On having phosphorylation assay of other more dominant mutants, ht1-A109V and ht1-R102K using MPK4/12 and HT1, it was found that NaHCO3-mediated inhibition of CBC1 kinase activity was disrupted and stomata remain open. Moreover, the importance of CBC1 kinase was pronounced in triple mutants of cbc1/cbc2, ht1-A109V which exhibited closed stomata. On recalling the above results, it was found that HT1 provides an important regulator that senses the CO2 concentration.

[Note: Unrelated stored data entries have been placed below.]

lemma edge_cone_sheaf_cone:
  assumes x: "x \<in> Hom D Z B" and fixed: "(Dm \<cdot> Am) \<cdot> x = x"
  shows "sheaf_cone Z (edge_cone x)"
  unfolding sheaf_cone_iff
proof (intro conjI ballI)
  show "Z \<in> Ob D" using Hom_Ob[OF x] by blast
next
  have Ax: "Am \<cdot> x \<in> Hom D Z P" using comp_in_Hom[OF x Am_hom] .
  fix v assume v: "v \<in> nV N"
  show "edge_cone x (NV v) \<in> Hom D Z (nX N v)"
    using comp_in_Hom[OF Ax proj_P_in_Hom[OF v]] by (simp add: edge_cone_def)
  show "edge_cone x (HD v) = edge_cone x (NV v)" by (simp add: edge_cone_def)
  show "edge_cone x (HA v) \<in> Hom D Z (nPin N v)"
    using comp_in_Hom[OF x incoming_in_Hom[OF v]] by (simp add: edge_cone_def)
  show "palpha D N v \<cdot> edge_cone x (HA v) = edge_cone x (NV v)"
    using comp_assoc[OF x incoming_in_Hom[OF v] palpha_in_Hom[OF v]]
      comp_assoc[OF x Am_hom proj_P_in_Hom[OF v]] proj_P_comp_Am[OF v]
    by (simp add: edge_cone_def)
next
  have Ax: "Am \<cdot> x \<in> Hom D Z P" using comp_in_Hom[OF x Am_hom] .
  fix e assume e: "e \<in> nE N"
  show "edge_cone x (NE e) \<in> Hom D Z (Xlam D N e)"
    using comp_in_Hom[OF x proj_B_in_Hom[OF e]] by (simp add: edge_cone_def)
  have "ndelta N e \<cdot> \<pi>P (src N e) \<cdot> Am \<cdot> x = (ndelta N e \<cdot> \<pi>P (src N e)) \<cdot> Am \<cdot> x"
    using comp_assoc[OF Ax proj_P_in_Hom[OF src_in_V[OF e]] delta_in_Hom[OF e]] .
  also have "\<dots> = (\<pi>B e \<cdot> Dm) \<cdot> Am \<cdot> x" using Dm_comp e by simp
  also have "\<dots> = \<pi>B e \<cdot> Dm \<cdot> Am \<cdot> x" using comp_assoc[OF Ax Dm_hom proj_B_in_Hom[OF e]] by simp
  also have "\<dots> = \<pi>B e \<cdot> x" using comp_assoc[OF x Am_hom Dm_hom] fixed by simp
  finally show "ndelta N e \<cdot> edge_cone x (NV (src N e)) = edge_cone x (NE e)"
    by (simp add: edge_cone_def)
  show "npin N (tgt N e) e \<cdot> edge_cone x (HA (tgt N e)) = edge_cone x (NE e)"
    using comp_assoc[OF x incoming_in_Hom[OF tgt_in_V[OF e]] npin_in_Hom[OF tgt_in_V[OF e] in_edges_tgt[OF e]]]
      npin_comp_incoming[OF tgt_in_V[OF e] in_edges_tgt[OF e]]
    by (simp add: edge_cone_def)
qed
(* Consider the discrete-time system $x_{k+1}=f(x_k,u_k,w_k)$, $y_k=h(x_k,v_k)$ with $x_k\in\mathbb{X}\subset\mathbb{R}^n$, $u_k\in\mathbb{U}\subseteq\mathbb{R}^m$, $w_k\in\mathbb{R}^q$, $v_k\in\mathbb{V}\subset\mathbb{R}^r$, $y_k\in\mathbb{Y}\subset\mathbb{R}^p$, $f,h$ continuously differentiable, $\mathbb{Z}:=\mathbb{X}\times\mathbb{U}\times\mathbb{R}^q\times\mathbb{V}\times\mathbb{Y}$. Assume $\mathbb{X},\mathbb{V},\mathbb{Y}$ are compact. Assume there is a diffeomorphism $T=(T_\flat,T_\sharp):\mathbb{R}^n\to\mathbb{R}^{n_\flat+n_\sharp}$ and a continuously differentiable $\psi:\mathbb{R}^p\times\mathbb{R}^{n_\sharp}\times\mathbb{R}^r\to\mathbb{R}^{n_\flat}$ such that, with $z=T(x)=(z^\flat,z^\sharp)$, $f_\sharp(z^\sharp,z^\flat,u,w):=T_\sharp(f(T^{-1}(z),u,w))$ and $h_T(z^\sharp,z^\flat,v):=h(T^{-1}(z),v)$, one has $z^\flat=\psi(y,z^\sharp,v)$ whenever $y=h_T(z^\sharp,z^\flat,v)$, and $\partial f_\sharp^i/\partial w\equiv0$ for all $i\in\{1,\dots,n_\sharp\}$. Define the reduced-order system $$z^\sharp_{k+1}=\hat{f}_\sharp(z^\sharp_k,\gamma_k,u_k,v_k):=f_\sharp\big(z^\sharp_k,\psi(\gamma_k,z^\sharp_k,v_k),u_k,w_k\big),\qquad y_k=\hat{h}_T(z^\sharp_k,\gamma_k,v_k):=h_T\big(z^\sharp_k,\psi(\gamma_k,z^\sharp_k,v_k),v_k\big),$$ with fictitious input $\gamma_k\in\mathbb{R}^p$ (the right-hand side does not depend on $w_k$). Let $\overline{\mathbb{X}}:=T(\mathbb{X})$, $\overline{\mathbb{X}}_\sharp$ its projection onto the $z^\sharp$-coordinates and $\mathbb{Z}_\sharp:=\overline{\mathbb{X}}_\sharp\times\mathbb{Y}\times\mathbb{U}\times\mathbb{V}\times\mathbb{Y}$. If there exist $\beta\in\mathcal{K}_\infty$, $\beta_0\in\mathcal{KL}$ and summable $\mathcal{KL}$-functions $\beta_v,\beta_y,\beta_\gamma$ such that $$\beta(\|z^\sharp_k-\widetilde{z}^\sharp_k\|)\le\sum_{i=1}^k\beta_v(\|v_{k-i}-\widetilde{v}_{k-i}\|,i)+\sum_{i=1}^k\big(\beta_y(\|y_{k-i}-\widetilde{y}_{k-i}\|,i)+\beta_\gamma(\|\gamma_{k-i}-\widetilde{\gamma}_{k-i}\|,i)\big)+\beta_0(\|z^\sharp_0-\widetilde{z}^\sharp_0\|,k)$$ for all $k\ge0$ and any $(\boldsymbol{z}^\sharp,\boldsymbol{\gamma},\boldsymbol{u},\boldsymbol{v},\boldsymbol{y}),(\widetilde{\boldsymbol{z}}^\sharp,\widetilde{\boldsymbol{\gamma}},\boldsymbol{u},\widetilde{\boldsymbol{v}},\widetilde{\boldsymbol{y}})\in\mathbb{Z}_\sharp^\infty$ satisfying the reduced-order system, then the original system is strongly nonlinearly detectable.
   Context: $\mathcal{K}$, $\mathcal{K}_\infty$, $\mathcal{KL}$ are the usual comparison function classes; a $\mathcal{KL}$-function $\beta$ is summable if there is $\alpha\in\mathcal{K}$ with $\sum_{k\ge0}\beta(r,k)\le\alpha(r)$ for all $r\ge0$. A solution of the original system is a sequence in $\mathbb{Z}^\infty$ satisfying its equations. The original system is strongly nonlinearly detectable if there exist $\alpha\in\mathcal{K}_\infty$, $\alpha_0\in\mathcal{KL}$ and summable $\alpha_v,\alpha_y\in\mathcal{KL}$ such that $\alpha(\|x_k-\widetilde{x}_k\|)\le\alpha_0(\|x_0-\widetilde{x}_0\|,k)+\sum_{i=0}^k(\alpha_v(\|v_{k-i}-\widetilde{v}_{k-i}\|,i)+\alpha_y(\|y_{k-i}-\widetilde{y}_{k-i}\|,i))$ for all $k\ge0$ and all pairs of solutions $(\boldsymbol{x},\boldsymbol{u},\boldsymbol{w},\boldsymbol{v},\boldsymbol{y}),(\widetilde{\boldsymbol{x}},\boldsymbol{u},\widetilde{\boldsymbol{w}},\widetilde{\boldsymbol{v}},\widetilde{\boldsymbol{y}})\in\mathbb{Z}^\infty$. *)

theory Defs
  imports "HOL-Analysis.Analysis"
begin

The addition of NaHCO3 to CBC1, MPK4/12, or HT1 did not affect their kinase activity. However, the addition of NaHCO3 to MPK4/12 and HT1 inhibited the kinase activity of HT1, suggesting that MPK4/12 and HT1 together could function as a CO2/bicarbonate sensor. Additionally, an in vitro pull-down assay showed that HCO3- has a positive impact on the binding interaction of MPK4/12 and HT1 whereas the removal of HCO3- showed a negative impact. This clarifies the reversible impact of HCO3- towards MPK4/12 and HT1 interaction.
Bimolecular fluorescence complementation analysis (BiFC) showed an improved interaction of MPK4/12 with HT1 in the presence of increased CO2. Additionally, co-immunoprecipitation assays further confirmed this observation as HCO3- expressing Arabidopsis mesophyll cells exhibited a better interaction of MPK4/12 and HT1. These results clearly demonstrate that MPK4/12 and HT1 are the probable CO2/bicarbonate sensor. This sensor inhibits the CBC1 phosphorylation by HT1 protein which subsequently leads to the closing of stomata.
In essence, these results highlight that the reversible interaction of MPK4/12 and HT1 is responsible for sensing CO2, rather than MAP kinase-mediated phosphorylation of HT1 protein. A rise in atmospheric CO2 concentrations triggers interaction between MPK4/12 and HT1 protein which inhibit the HT1-mediated phosphorylation of CBC1, causing the closing of stomata (Figure 1). Future research work regarding stomatal proteins could further enhance our understanding of CO2 sensing mechanisms in plants. Moreover, the list of identified proteins involved in the CO2 sensing mechanism will provide the possibility to manipulate them for maximizing plants' fitness in the continuously increasing environmental CO2 concentrations to ensure food security for the global population.